一言で言えば年季の差が違う、只それだけだ。然しリュウシンもいいように翻弄されるばかりではなく反撃の機会を見極めていた。
(使うか?……"突風陣"を)
リュウシンとて術が一つだけとは限らないが法術 突風陣は少々リスクが大きいのだ。逆転できる可能性を秘めた一撃必殺の技だが発動後五秒のインターバルを要する。強力な技故に身体の成長が追いついてない。素人ならいざ知らず手練の相手なら尚更、五秒の差は明確に表れる。
(考えろ…何かあるはずだ)
『リュウシン!俺らに向かって風を…!!』
(…!この方法ならいけるか?迷ってる暇は…ない!!)
思考整理の途中、リオンの声が蘇りとあるアイデアが浮かぶ。辺り一帯を見渡しカムイらを巻き込まないように後退気味に誘導する。
「〈辻風〉!」
「当たらないよ!」
(当たらなくていい…!)
テマリは基本相手しか見ない。"ソレ"を浮かせた事にも気づいておらずリュウシンを仕留めにかかる。
(ここからは時間勝負だ)
「〈法術 突風陣〉!!!」
突風陣の発動には助走が必要なので一旦、距離を置く。相手に距離を置かれるとテマリは距離を詰めたがる。防戦一方だったから知る事ができた突破口である。
「!?」
(五…四…三…二…一……!)
お互い一気に距離を詰める中、リュウシンが一歩早く懐に入るがそのまま擦れ違う。振り返り技をキメようとするテマリだったがリュウシンのインターバルが三秒を切ったと同時に上空に視線を上げざるを得なかった。
「チッ…!」
(あのとき…か!!)
テマリ目掛けて降り注ぐ無数の瓦礫を彼女が無視出来る訳なく飛び上がって破壊する。
リュウシンが浮かせたソレとは瓦礫の事。アクアード使用時に崩れた壁面の瓦礫を利用出来たのは法術を攻撃以外の用途で活用させたリオンの言葉を思い出せたからだった。
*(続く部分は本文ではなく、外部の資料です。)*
lemma has_vector_derivative_kernel_integral:
  assumes x: "rp \<le> x"
  shows "(kernel_integral c rp rm g has_vector_derivative
           kernel_integral c rp rm (\<lambda>r. c * of_real (r - rm) * g r) x) (at x)"
proof -
  define \<delta> where "\<delta> = \<epsilon> / (norm c + 1)"
  define K where "K = B * exp (\<epsilon> * (rp - rm)) * (1 + norm c * (1 / \<epsilon> + (rp - rm)))^2"
  have c1: "norm c + 1 > 0" by (simp add: add_nonneg_pos)
  have "\<epsilon> * norm c \<le> \<epsilon> * (norm c + 1)" using eps_pos by simp
  hence \<delta>: "\<delta> > 0" "\<delta> * norm c \<le> \<epsilon>"
    using eps_pos c1 by (auto simp: \<delta>_def divide_le_eq)
  have "((\<lambda>t. LINT r:{rp<..}|lborel.
            exp (of_real (t - x) * (c * of_real (r - rm))) * (exp (c * of_real ((x - rm) * (r - rm))) * g r))
         has_vector_derivative
         (LINT r:{rp<..}|lborel. c * of_real (r - rm) * (exp (c * of_real ((x - rm) * (r - rm))) * g r))) (at x)"
  proof (rule exp_family_majorant.has_vector_derivative_set_integral_exp_family, unfold_locales)
    show "set_integrable lborel {rp<..}
            (\<lambda>r. (K * exp (-2 * \<sigma> * (x - rp))) * exp (-(\<sigma> / 2) * (r - rp)))"
      using set_integrable_exp_decay[of "\<sigma> / 2" rp] sigma_pos by simp
    show "norm (exp (c * of_real ((x - rm) * (r - rm))) * g r) * exp (\<delta> * norm (c * of_real (r - rm)))
            * (1 + norm (c * of_real (r - rm)))^2
          \<le> K * exp (-2 * \<sigma> * (x - rp)) * exp (-(\<sigma> / 2) * (r - rp))" if "r \<in> {rp<..}" for r
      using kernel_integrand_majorant[OF x _ _ \<delta>(2)] \<delta>(1) that by (simp add: K_def)
  qed (use \<delta> in \<open>auto intro!: continuous_intros g_cont\<close>)
  moreover have "exp (of_real (t - x) * (c * of_real (r - rm))) * exp (c * of_real ((x - rm) * (r - rm)))
      = exp (c * of_real ((t - rm) * (r - rm)))" for t r
    by (simp add: exp_add[symmetric] algebra_simps)
  ultimately show ?thesis
    unfolding kernel_integral_def by (simp add: mult.assoc[symmetric] mult.commute[of _ c]) (simp add: ac_simps)
qed

end

section \<open>Kerr geometry and the weighted radial function\<close>

lemma kerr_horizons:
  assumes M: "M > 0" and a: "\<bar>a\<bar> < M"
  shows "rminus M a < rplus M a" "0 \<le> rminus M a"
    and "Delta M a x = (x - rplus M a) * (x - rminus M a)"
proof -
  have "a^2 < M^2" using a M by (metis abs_less_iff power2_abs power_strict_mono abs_ge_zero zero_less_numeral)
  hence s2: "sqrt (M^2 - a^2)^2 = M^2 - a^2" and pos: "sqrt (M^2 - a^2) > 0" by simp_all
  have "sqrt (M^2 - a^2) \<le> sqrt (M^2)" by (rule real_sqrt_le_mono) simp
  thus "rminus M a < rplus M a" "0 \<le> rminus M a"
    unfolding rplus_def rminus_def using pos M by auto
  show "Delta M a x = (x - rplus M a) * (x - rminus M a)"
    unfolding rplus_def rminus_def Delta_def using s2 by (simp add: algebra_simps power2_eq_square)
qed
lemma finite_patch_uniform_inner_ball:
  assumes "finite P" "\<forall>A\<in>P. is_tile A"
  obtains \<delta> where "\<delta> > 0" "\<forall>A\<in>P. \<exists>m. ball m \<delta> \<subseteq> interior (fst A)"
proof -
  have "\<forall>A\<in>P. \<exists>d. d > 0 \<and> (\<exists>m. ball m d \<subseteq> interior (fst A))"
    using assms(2) is_tile_inner_ball by meson
  then obtain d where d: "\<forall>A\<in>P. d A > 0 \<and> (\<exists>m. ball m (d A) \<subseteq> interior (fst A))"
    by (rule bchoice[THEN exE])
  define \<delta> where "\<delta> = Min (insert 1 (d ` P))"
  have \<delta>_pos: "\<delta> > 0" unfolding \<delta>_def using assms(1) d by (subst Min_gr_iff) auto
  have \<delta>_le: "\<delta> \<le> d A" if "A \<in> P" for A
    unfolding \<delta>_def using assms(1) that by (intro Min_le) auto
  show ?thesis
  proof (rule that[OF \<delta>_pos], intro ballI)
    fix A assume "A \<in> P"
    then obtain m where "ball m (d A) \<subseteq> interior (fst A)" using d by blast
    moreover have "ball m \<delta> \<subseteq> ball m (d A)" using \<delta>_le[OF \<open>A \<in> P\<close>] by (rule subset_ball)
    ultimately show "\<exists>m. ball m \<delta> \<subseteq> interior (fst A)" by blast
  qed
qed

lemma bounded_supp_finite_patch:
  assumes "finite P" "\<forall>A\<in>P. is_tile A"
  shows "bounded (supp P)"
  unfolding supp_def
  using assms by (intro bounded_UN) (auto simp: is_tile_def compact_imp_bounded)

section \<open>The hull\<close>

lemma rho_lessE:
  assumes "rho P1 P2 < e" "e \<le> 1 / sqrt 2"
  obtains t x1 x2 where "0 < t" "t < e" "norm x1 \<le> t" "norm x2 \<le> t"
    "patch_restrict (patch_translate P1 x1) (ball 0 (1/t)) =
     patch_restrict (patch_translate P2 x2) (ball 0 (1/t))"
proof -
  define E where "E = {e. 0 < e \<and> e < 1 / sqrt 2 \<and>
       (\<exists>x1 x2. norm x1 \<le> e \<and> norm x2 \<le> e \<and>
          patch_restrict (patch_translate P1 x1) (ball 0 (1/e)) =
          patch_restrict (patch_translate P2 x2) (ball 0 (1/e)))}"
  have "Inf (E \<union> {1 / sqrt 2}) < e" using assms(1) unfolding rho_def E_def by simp
  then obtain t where "t \<in> E \<union> {1 / sqrt 2}" "t < e"
    using cInf_lessD[of "E \<union> {1 / sqrt 2}" e] by blast
  with assms(2) have "t \<in> E" "t < e" by auto
  then show ?thesis using that unfolding E_def by blast
qed

lemma sqrt_2_lt_2: "sqrt 2 < 2"
  by (smt (verit) real_sqrt_less_iff real_sqrt_four)

lemma hull_of_locally_translate:
  fixes T :: "('n::finite, 'l) tile set"
  assumes "S \<in> hull_of T"
  obtains w where "\<And>X. fst X \<inter> ball 0 r \<noteq> {} \<Longrightarrow> X \<in> S \<longleftrightarrow> tile_translate X (- w) \<in> T"
proof -
  define e where "e = 1 / (\<bar>r\<bar> + 2)"
  have e_pos: "e > 0" by (simp add: e_def add_pos_nonneg)
  have e_le: "e \<le> 1 / sqrt 2"
    unfolding e_def using sqrt_2_lt_2 by (intro divide_left_mono) auto
  obtain x where "rho S (patch_translate T x) < e"
    using assms e_pos unfolding hull_of_def by blast
  then obtain t x1 x2 where t: "0 < t" "t < e" and x12: "norm x1 \<le> t" "norm x2 \<le> t"
    and eq: "patch_restrict (patch_translate S x1) (ball 0 (1/t)) =
      patch_restrict (patch_translate (patch_translate T x) x2) (ball 0 (1/t))"
    using e_le by (rule rho_lessE)
  have "1/e < 1/t" using t by (simp add: frac_less2)
  then have r_lt: "\<bar>r\<bar> + 2 < 1/t" by (simp add: e_def)
  have "t < 1" using t(2) e_le sqrt_2_lt_2 by (smt (verit) divide_le_eq_1 real_sqrt_ge_one)
  show ?thesis
  proof (rule that)
    fix X :: "('n, 'l) tile" assume "fst X \<inter> ball 0 r \<noteq> {}"
    then obtain q where q: "q \<in> fst X" "norm q < r" by auto
    have "norm (q + x1) \<le> norm q + norm x1" by (rule norm_triangle_ineq)
    then have "norm (q + x1) < 1/t" using q x12 \<open>t < 1\<close> r_lt by linarith
    then have meets: "fst (tile_translate X x1) \<inter> ball 0 (1/t) \<noteq> {}"
      using q(1) by (auto simp: fst_tile_translate)
    have "X \<in> S \<longleftrightarrow> tile_translate X x1 \<in> patch_restrict (patch_translate S x1) (ball 0 (1/t))"
      using meets by (simp add: patch_restrict_def tile_translate_mem_patch_translate_iff)
    also have "\<dots> \<longleftrightarrow> tile_translate X x1 \<in> patch_translate T (x + x2)"
      using meets eq by (simp add: patch_restrict_def patch_translate_add)
    also have "\<dots> \<longleftrightarrow> tile_translate X (- (x + x2 - x1)) \<in> T"
      by (simp add: mem_patch_translate_iff tile_translate_add algebra_simps)
    finally show "X \<in> S \<longleftrightarrow> tile_translate X (- (x + x2 - x1)) \<in> T" .
  qed
qed

lemma hull_of_self: "T \<in> hull_of T"
  unfolding hull_of_def
proof (intro CollectI allI impI exI)
  fix e :: real assume "e > 0"
  define E where "E = {e. 0 < e \<and> e < 1 / sqrt 2 \<and>
       (\<exists>x1 x2. norm x1 \<le> e \<and> norm x2 \<le> e \<and>
          patch_restrict (patch_translate T x1) (ball 0 (1/e)) =
          patch_restrict (patch_translate (patch_translate T 0) x2) (ball 0 (1/e)))}"
  define e' where "e' = min (e/2) (1/2)"
  have "1/2 < 1 / sqrt 2" using sqrt_2_lt_2 by (intro frac_less2) auto
  then have "e' < 1 / sqrt 2" unfolding e'_def by linarith
  then have "e' \<in> E" unfolding E_def e'_def using \<open>e > 0\<close> by (auto intro!: exI[of _ 0])
  moreover have "bdd_below (E \<union> {1 / sqrt 2})"
    unfolding E_def by (rule bdd_belowI[of _ 0]) auto
  ultimately have "Inf (E \<union> {1 / sqrt 2}) \<le> e'" by (intro cInf_lower) auto
  also have "e' < e" unfolding e'_def using \<open>e > 0\<close> by simp
  finally show "rho T (patch_translate T 0) < e" unfolding rho_def E_def .
qed

lemma hull_of_interiors_meet_eq:
  assumes "is_patch T" "S \<in> hull_of T" "X1 \<in> S" "X2 \<in> S"
    and "interior (fst X1) \<inter> interior (fst X2) \<noteq> {}"
  shows "X1 = X2"
proof -
  obtain q where q: "q \<in> interior (fst X1)" "q \<in> interior (fst X2)" using assms(5) by auto
  obtain w where w: "\<And>X. fst X \<inter> ball 0 (norm q + 1) \<noteq> {} \<Longrightarrow>
      X \<in> S \<longleftrightarrow> tile_translate X (- w) \<in> T"
    using hull_of_locally_translate[OF assms(2)] by blast
  have "q \<in> ball 0 (norm q + 1)" by simp
  then have "fst X1 \<inter> ball 0 (norm q + 1) \<noteq> {}" "fst X2 \<inter> ball 0 (norm q + 1) \<noteq> {}"
    using q interior_subset by blast+
  then have "tile_translate X1 (- w) \<in> T" "tile_translate X2 (- w) \<in> T"
    using w assms(3,4) by blast+
  moreover have "interior (fst (tile_translate X1 (- w))) \<inter> interior (fst (tile_translate X2 (- w))) \<noteq> {}"
    using assms(5) by (simp add: interior_fst_tile_translate_Int)
  ultimately have "tile_translate X1 (- w) = tile_translate X2 (- w)"
    using assms(1) unfolding is_patch_def by blast
  then show ?thesis by (simp add: tile_translate_eq_iff)
qed

section \<open>Lattice translates of a patch\<close>

abbreviation lattice_point :: "('i::finite \<Rightarrow> 'a::real_vector) \<Rightarrow> ('i \<Rightarrow> int) \<Rightarrow> 'a" where
  "lattice_point b l \<equiv> \<Sum>i\<in>UNIV. of_int (l i) *\<^sub>R b i"

abbreviation lattice_patch ::
  "('n::finite, 'l) tile set \<Rightarrow> ('i::finite \<Rightarrow> real^'n) \<Rightarrow> ('n, 'l) tile set" where
  "lattice_patch P b \<equiv> \<Union>l. patch_translate P (lattice_point b l)"

abbreviation lattice_block ::
  "('n::finite, 'l) tile set \<Rightarrow> ('i::finite \<Rightarrow> real^'n) \<Rightarrow> nat \<Rightarrow> ('n, 'l) tile set" where
  "lattice_block P b n \<equiv>
     \<Union>l\<in>{l. \<forall>i. 1 \<le> l i \<and> l i \<le> int n}. patch_translate P (lattice_point b l)"

lemma lattice_point_add: "lattice_point b (\<lambda>i. k i + l i) = lattice_point b k + lattice_point b l"
  by (simp add: scaleR_add_left sum.distrib)

lemma lattice_point_diff: "lattice_point b (\<lambda>i. k i - l i) = lattice_point b k - lattice_point b l"
  by (simp add: scaleR_diff_left sum_subtractf)

lemma mem_lattice_patch_translate_iff:
  "X \<in> patch_translate (lattice_patch P b) u \<longleftrightarrow>
   (\<exists>l. \<exists>A\<in>P. X = tile_translate A (lattice_point b l + u))"
  by (simp add: patch_translate_UN patch_translate_add mem_patch_translate_iff_ex)

lemma patch_translate_lattice_patch_lattice_point:
  "patch_translate (lattice_patch P b) (lattice_point b k + u) = patch_translate (lattice_patch P b) u"
proof (rule set_eqI)
  fix X
  have shift: "lattice_point b l + (lattice_point b k + u) = lattice_point b (\<lambda>i. l i + k i) + u"
    for l unfolding lattice_point_add by (simp add: add.assoc)
  show "X \<in> patch_translate (lattice_patch P b) (lattice_point b k + u) \<longleftrightarrow>
        X \<in> patch_translate (lattice_patch P b) u"
    unfolding mem_lattice_patch_translate_iff shift
  proof
    assume "\<exists>l. \<exists>A\<in>P. X = tile_translate A (lattice_point b (\<lambda>i. l i + k i) + u)"
    then obtain l A where "A \<in> P" "X = tile_translate A (lattice_point b (\<lambda>i. l i + k i) + u)"
      by blast
    then show "\<exists>l. \<exists>A\<in>P. X = tile_translate A (lattice_point b l + u)"
      by (intro exI[of _ "\<lambda>i. l i + k i"]) blast
  next
    assume "\<exists>l. \<exists>A\<in>P. X = tile_translate A (lattice_point b l + u)"
    then obtain l A where "A \<in> P" "X = tile_translate A (lattice_point b l + u)" by blast
    then show "\<exists>l. \<exists>A\<in>P. X = tile_translate A (lattice_point b (\<lambda>i. l i + k i) + u)"
      by (intro exI[of _ "\<lambda>i. l i - k i"]) auto
  qed
qed

lemma basis_coordinates_bounded:
  fixes b :: "'i::finite \<Rightarrow> 'a::euclidean_space"
  assumes "independent (range b)" "inj b"
  obtains \<kappa> where "\<kappa> > 0" "\<And>f i. \<bar>f i\<bar> \<le> \<kappa> * norm (\<Sum>i\<in>UNIV. f i *\<^sub>R b i)"
proof -
  define L where "L c = (\<Sum>i\<in>UNIV. (c::real^'i) $ i *\<^sub>R b i)" for c
  have "linear L"
    unfolding L_def by (rule linearI) (simp_all add: scaleR_add_left sum.distrib scaleR_right.sum)
  moreover have "inj L"
  proof (rule injI)
    fix x y assume "L x = L y"
    define c where "c v = (x - y) $ inv b v" for v
    have "(\<Sum>v\<in>range b. c v *\<^sub>R v) = (\<Sum>i\<in>UNIV. (x - y) $ i *\<^sub>R b i)"
      using assms(2) by (simp add: sum.reindex c_def)
    also have "\<dots> = 0"
      using \<open>L x = L y\<close> by (simp add: L_def scaleR_diff_left sum_subtractf)
    finally have "\<forall>v\<in>range b. c v = 0"
      using assms(1) unfolding independent_explicit by blast
    then show "x = y" using assms(2) by (simp add: c_def vec_eq_iff)
  qed
  ultimately obtain B where B: "B > 0" "\<And>x. B * norm x \<le> norm (L x)"
    using linear_inj_bounded_below_pos by blast
  show ?thesis
  proof (rule that)
    show "1 / B > 0" using B by simp
    fix f :: "'i \<Rightarrow> real" and i
    have "\<bar>f i\<bar> = \<bar>(\<chi> j. f j) $ i\<bar>" by simp
    also have "\<dots> \<le> norm (\<chi> j. f j)" by (rule component_le_norm_cart)
    also have "\<dots> \<le> norm (L (\<chi> j. f j)) / B" using B by (simp add: field_simps)
    also have "L (\<chi> j. f j) = (\<Sum>i\<in>UNIV. f i *\<^sub>R b i)" by (simp add: L_def)
    finally show "\<bar>f i\<bar> \<le> 1 / B * norm (\<Sum>i\<in>UNIV. f i *\<^sub>R b i)" by simp
  qed
qed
そうこうしている内にインターバルは五秒を迎え、尚も瓦礫処理中のテマリに今度こそ法術を繰り出す。
「〈突風陣〉…!!」
「ゔっ!!?」
いくら彼女でも避けようのない衝撃が直撃し、空中で気を失う。地面に叩き落されぬようにテマリを抱え込み着地した。五秒のインターバルがある為、自由落下となったが然程問題はなかった。
リュウシンVSテマリ 勝者リュウシン
見上げた空は月夜を迎え入れていた。